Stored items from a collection
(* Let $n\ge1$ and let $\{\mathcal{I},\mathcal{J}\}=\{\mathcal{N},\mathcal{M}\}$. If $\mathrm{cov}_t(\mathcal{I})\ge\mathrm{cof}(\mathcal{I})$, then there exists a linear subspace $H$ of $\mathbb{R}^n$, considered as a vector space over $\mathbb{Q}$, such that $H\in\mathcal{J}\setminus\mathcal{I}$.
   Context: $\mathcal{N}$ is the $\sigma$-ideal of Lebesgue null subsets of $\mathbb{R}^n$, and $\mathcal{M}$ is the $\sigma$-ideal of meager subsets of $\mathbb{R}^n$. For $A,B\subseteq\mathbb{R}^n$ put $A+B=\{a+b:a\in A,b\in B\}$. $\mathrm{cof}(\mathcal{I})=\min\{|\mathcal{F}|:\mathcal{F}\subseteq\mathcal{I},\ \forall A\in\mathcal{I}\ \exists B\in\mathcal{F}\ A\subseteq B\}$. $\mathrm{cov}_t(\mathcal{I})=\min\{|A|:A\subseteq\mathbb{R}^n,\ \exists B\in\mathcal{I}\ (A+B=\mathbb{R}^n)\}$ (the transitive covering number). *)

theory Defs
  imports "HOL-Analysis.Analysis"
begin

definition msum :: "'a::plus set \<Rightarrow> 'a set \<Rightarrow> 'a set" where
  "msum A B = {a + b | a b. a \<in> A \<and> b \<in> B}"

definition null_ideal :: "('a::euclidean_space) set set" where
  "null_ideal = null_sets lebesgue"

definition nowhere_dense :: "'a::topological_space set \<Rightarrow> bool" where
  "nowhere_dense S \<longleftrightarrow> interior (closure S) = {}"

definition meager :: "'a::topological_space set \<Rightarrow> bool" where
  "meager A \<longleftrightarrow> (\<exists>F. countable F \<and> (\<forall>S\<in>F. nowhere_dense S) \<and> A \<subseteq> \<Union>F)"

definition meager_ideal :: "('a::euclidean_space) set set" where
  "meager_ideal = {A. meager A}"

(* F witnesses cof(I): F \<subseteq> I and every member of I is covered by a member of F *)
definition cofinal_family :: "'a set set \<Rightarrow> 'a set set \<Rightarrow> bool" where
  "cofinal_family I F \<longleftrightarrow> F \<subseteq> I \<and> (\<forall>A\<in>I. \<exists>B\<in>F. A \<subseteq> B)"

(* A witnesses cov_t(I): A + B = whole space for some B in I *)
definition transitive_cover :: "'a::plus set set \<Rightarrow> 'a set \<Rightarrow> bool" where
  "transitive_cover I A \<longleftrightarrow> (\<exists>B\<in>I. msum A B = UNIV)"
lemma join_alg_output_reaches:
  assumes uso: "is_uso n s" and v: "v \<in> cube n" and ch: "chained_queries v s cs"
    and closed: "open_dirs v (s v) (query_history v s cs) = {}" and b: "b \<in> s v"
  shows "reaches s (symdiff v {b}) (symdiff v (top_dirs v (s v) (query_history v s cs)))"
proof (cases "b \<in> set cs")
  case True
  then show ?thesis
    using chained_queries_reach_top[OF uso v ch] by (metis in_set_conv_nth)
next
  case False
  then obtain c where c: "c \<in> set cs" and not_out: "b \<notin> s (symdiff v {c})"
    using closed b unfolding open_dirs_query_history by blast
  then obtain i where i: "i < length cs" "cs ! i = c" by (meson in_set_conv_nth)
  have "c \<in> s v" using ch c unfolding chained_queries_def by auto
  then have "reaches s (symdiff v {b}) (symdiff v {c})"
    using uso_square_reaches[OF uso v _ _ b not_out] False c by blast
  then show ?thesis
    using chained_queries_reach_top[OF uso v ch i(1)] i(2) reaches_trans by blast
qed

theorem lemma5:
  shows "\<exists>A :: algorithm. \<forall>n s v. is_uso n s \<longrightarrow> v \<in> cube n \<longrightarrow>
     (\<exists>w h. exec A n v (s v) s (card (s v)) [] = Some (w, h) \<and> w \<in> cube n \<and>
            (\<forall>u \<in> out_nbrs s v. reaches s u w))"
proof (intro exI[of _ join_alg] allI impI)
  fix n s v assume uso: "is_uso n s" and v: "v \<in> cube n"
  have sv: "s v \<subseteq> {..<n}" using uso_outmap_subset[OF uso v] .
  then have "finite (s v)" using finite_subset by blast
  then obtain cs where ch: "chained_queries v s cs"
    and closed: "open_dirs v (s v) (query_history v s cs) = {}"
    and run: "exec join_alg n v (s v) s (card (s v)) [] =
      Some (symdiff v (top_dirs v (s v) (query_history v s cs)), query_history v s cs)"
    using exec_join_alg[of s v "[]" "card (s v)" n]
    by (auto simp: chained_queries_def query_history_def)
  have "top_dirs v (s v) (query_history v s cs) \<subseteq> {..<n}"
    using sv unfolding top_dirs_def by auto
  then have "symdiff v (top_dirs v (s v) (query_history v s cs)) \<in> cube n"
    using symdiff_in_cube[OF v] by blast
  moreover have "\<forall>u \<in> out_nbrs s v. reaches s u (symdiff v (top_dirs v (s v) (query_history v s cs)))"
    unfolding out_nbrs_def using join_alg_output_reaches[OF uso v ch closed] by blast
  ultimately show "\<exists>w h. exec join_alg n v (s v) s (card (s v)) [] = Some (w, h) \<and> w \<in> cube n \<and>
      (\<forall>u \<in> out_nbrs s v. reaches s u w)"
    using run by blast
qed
==
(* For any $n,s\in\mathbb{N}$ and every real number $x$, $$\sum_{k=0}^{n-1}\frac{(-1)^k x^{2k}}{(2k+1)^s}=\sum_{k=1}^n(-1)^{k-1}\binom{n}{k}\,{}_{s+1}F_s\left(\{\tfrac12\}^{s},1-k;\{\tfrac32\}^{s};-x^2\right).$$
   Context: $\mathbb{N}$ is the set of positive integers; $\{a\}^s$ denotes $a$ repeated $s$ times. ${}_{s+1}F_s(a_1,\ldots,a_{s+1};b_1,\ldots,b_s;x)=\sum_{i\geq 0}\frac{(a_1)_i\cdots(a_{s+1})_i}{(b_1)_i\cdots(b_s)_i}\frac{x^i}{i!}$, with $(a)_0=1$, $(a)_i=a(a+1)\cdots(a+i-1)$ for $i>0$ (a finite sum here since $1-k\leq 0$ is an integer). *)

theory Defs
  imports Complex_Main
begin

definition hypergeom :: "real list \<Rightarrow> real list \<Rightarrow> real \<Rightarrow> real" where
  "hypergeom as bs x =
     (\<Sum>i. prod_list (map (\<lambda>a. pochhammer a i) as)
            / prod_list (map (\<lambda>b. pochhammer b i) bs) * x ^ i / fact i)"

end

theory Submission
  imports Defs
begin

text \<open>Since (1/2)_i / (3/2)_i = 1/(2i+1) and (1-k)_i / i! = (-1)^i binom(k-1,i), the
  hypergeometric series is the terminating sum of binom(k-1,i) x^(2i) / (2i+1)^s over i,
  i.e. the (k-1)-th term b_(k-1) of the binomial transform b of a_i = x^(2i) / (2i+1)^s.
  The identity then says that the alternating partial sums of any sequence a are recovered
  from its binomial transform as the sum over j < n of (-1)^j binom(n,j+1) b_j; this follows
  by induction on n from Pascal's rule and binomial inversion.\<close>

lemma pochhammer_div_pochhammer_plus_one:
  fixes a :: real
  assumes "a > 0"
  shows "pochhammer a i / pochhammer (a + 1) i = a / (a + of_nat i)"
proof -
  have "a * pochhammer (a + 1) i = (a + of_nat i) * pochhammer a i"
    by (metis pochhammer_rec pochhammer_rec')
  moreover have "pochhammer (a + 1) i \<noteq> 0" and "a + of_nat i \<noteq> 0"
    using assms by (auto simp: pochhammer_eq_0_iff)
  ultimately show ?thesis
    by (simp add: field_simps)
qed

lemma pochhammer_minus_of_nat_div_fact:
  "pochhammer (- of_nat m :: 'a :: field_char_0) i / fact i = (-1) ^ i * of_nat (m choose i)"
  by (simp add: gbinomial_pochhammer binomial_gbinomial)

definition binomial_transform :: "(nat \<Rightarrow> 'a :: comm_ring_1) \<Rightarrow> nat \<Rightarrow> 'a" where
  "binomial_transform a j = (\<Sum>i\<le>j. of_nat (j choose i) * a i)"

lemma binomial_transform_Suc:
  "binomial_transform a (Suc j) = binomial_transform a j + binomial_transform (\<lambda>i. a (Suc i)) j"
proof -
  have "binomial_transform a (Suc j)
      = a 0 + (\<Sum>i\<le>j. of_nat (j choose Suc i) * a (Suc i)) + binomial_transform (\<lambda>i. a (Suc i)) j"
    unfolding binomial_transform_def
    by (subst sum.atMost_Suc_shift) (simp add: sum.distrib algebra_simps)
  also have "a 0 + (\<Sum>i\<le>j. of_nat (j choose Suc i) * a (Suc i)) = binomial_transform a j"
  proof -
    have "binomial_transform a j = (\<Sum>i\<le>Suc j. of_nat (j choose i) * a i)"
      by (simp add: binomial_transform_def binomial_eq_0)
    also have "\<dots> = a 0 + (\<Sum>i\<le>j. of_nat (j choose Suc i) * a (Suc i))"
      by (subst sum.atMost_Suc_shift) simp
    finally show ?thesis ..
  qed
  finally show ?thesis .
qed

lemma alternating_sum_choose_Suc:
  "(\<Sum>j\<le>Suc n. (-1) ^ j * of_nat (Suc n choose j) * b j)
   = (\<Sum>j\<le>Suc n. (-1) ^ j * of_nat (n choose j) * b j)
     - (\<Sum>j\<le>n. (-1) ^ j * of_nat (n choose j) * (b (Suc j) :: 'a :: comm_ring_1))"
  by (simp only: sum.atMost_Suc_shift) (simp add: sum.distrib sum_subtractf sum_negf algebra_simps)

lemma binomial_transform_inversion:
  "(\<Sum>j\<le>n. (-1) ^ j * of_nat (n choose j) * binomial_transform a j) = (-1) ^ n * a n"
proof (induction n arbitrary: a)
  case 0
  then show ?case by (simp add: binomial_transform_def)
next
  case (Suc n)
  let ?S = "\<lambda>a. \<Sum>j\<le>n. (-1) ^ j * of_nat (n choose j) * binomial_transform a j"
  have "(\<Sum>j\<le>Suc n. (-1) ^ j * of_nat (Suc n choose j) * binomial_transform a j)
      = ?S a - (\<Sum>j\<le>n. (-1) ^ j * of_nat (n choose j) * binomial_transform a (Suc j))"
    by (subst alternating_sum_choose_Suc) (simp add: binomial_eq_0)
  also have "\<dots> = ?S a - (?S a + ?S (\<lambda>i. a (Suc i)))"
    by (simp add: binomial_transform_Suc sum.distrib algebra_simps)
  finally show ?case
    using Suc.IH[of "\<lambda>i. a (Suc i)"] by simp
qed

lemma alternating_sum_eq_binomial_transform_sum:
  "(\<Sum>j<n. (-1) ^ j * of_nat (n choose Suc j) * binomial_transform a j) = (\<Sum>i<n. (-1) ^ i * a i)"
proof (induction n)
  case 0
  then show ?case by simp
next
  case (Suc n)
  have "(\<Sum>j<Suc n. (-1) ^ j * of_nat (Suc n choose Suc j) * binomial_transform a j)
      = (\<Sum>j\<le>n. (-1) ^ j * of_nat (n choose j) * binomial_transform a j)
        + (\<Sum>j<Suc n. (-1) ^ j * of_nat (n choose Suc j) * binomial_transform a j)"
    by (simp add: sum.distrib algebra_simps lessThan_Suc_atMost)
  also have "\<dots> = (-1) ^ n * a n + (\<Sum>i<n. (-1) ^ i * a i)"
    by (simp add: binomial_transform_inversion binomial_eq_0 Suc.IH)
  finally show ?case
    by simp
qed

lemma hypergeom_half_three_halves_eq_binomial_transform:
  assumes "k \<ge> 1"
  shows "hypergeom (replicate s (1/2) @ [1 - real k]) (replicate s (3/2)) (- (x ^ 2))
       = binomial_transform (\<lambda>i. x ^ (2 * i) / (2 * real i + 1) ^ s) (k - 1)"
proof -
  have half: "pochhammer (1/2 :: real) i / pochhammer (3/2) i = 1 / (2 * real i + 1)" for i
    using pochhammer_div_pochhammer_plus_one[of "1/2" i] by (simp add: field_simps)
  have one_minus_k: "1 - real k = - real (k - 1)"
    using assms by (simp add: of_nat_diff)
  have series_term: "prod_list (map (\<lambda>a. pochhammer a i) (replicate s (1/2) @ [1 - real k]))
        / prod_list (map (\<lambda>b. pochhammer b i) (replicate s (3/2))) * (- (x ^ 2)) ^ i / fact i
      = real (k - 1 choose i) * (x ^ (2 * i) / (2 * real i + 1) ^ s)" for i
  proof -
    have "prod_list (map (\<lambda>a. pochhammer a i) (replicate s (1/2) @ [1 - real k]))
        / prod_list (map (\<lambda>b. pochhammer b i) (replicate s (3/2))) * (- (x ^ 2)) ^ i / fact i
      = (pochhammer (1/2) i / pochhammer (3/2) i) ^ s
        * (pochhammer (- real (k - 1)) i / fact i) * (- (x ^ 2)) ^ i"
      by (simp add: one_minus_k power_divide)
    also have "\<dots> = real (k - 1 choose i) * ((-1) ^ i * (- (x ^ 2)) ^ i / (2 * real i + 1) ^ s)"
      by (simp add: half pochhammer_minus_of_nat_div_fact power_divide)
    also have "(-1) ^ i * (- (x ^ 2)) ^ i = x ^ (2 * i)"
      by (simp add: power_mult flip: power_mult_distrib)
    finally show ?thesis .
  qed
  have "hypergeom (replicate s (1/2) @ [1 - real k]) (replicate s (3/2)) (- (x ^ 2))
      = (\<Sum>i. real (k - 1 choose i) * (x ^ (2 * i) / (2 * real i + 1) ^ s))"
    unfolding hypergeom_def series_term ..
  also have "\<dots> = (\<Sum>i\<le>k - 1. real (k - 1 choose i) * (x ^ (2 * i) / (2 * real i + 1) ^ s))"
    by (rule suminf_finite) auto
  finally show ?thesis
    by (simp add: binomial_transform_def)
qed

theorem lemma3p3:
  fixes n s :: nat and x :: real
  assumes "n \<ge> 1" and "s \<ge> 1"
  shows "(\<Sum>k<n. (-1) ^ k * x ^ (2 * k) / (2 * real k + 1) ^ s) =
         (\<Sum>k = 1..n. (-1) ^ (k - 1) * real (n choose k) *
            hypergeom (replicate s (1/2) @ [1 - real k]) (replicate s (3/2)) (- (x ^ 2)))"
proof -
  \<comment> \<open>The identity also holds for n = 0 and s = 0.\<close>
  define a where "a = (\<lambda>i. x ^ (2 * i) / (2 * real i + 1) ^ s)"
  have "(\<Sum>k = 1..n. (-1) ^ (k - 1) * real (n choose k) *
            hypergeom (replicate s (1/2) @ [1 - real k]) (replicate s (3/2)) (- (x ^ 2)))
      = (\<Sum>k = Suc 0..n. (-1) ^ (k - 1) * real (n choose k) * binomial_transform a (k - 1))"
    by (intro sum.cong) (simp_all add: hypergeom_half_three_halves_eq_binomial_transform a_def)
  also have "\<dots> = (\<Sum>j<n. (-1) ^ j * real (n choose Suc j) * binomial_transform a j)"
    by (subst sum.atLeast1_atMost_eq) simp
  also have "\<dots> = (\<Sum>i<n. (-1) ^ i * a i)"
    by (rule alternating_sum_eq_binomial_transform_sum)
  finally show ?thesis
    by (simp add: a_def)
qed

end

EXERCISE DIRECTIONS
Please transcribe only the lines in the records above running from the line that has "j = (\<Sum>i\<le>j." through the line that has "by (simp add: binomial_transform_Suc", both included, exactly as they appear.

EXERCISE RESPONSE
  "binomial_transform a j = (\<Sum>i\<le>j. of_nat (j choose i) * a i)"

lemma binomial_transform_Suc:
  "binomial_transform a (Suc j) = binomial_transform a j + binomial_transform (\<lambda>i. a (Suc i)) j"
proof -
  have "binomial_transform a (Suc j)
      = a 0 + (\<Sum>i\<le>j. of_nat (j choose Suc i) * a (Suc i)) + binomial_transform (\<lambda>i. a (Suc i)) j"
    unfolding binomial_transform_def
    by (subst sum.atMost_Suc_shift) (simp add: sum.distrib algebra_simps)
  also have "a 0 + (\<Sum>i\<le>j. of_nat (j choose Suc i) * a (Suc i)) = binomial_transform a j"
  proof -
    have "binomial_transform a j = (\<Sum>i\<le>Suc j. of_nat (j choose i) * a i)"
      by (simp add: binomial_transform_def binomial_eq_0)
    also have "\<dots> = a 0 + (\<Sum>i\<le>j. of_nat (j choose Suc i) * a (Suc i))"
      by (subst sum.atMost_Suc_shift) simp
    finally show ?thesis ..
  qed
  finally show ?thesis .
qed

lemma alternating_sum_choose_Suc:
  "(\<Sum>j\<le>Suc n. (-1) ^ j * of_nat (Suc n choose j) * b j)
   = (\<Sum>j\<le>Suc n. (-1) ^ j * of_nat (n choose j) * b j)
     - (\<Sum>j\<le>n. (-1) ^ j * of_nat (n choose j) * (b (Suc j) :: 'a :: comm_ring_1))"
  by (simp only: sum.atMost_Suc_shift) (simp add: sum.distrib sum_subtractf sum_negf algebra_simps)

lemma binomial_transform_inversion:
  "(\<Sum>j\<le>n. (-1) ^ j * of_nat (n choose j) * binomial_transform a j) = (-1) ^ n * a n"
proof (induction n arbitrary: a)
  case 0
  then show ?case by (simp add: binomial_transform_def)
next
  case (Suc n)
  let ?S = "\<lambda>a. \<Sum>j\<le>n. (-1) ^ j * of_nat (n choose j) * binomial_transform a j"
  have "(\<Sum>j\<le>Suc n. (-1) ^ j * of_nat (Suc n choose j) * binomial_transform a j)
      = ?S a - (\<Sum>j\<le>n. (-1) ^ j * of_nat (n choose j) * binomial_transform a (Suc j))"
    by (subst alternating_sum_choose_Suc) (simp add: binomial_eq_0)
  also have "\<dots> = ?S a - (?S a + ?S (\<lambda>i. a (Suc i)))"
    by (simp add: binomial_transform_Suc sum.distrib algebra_simps)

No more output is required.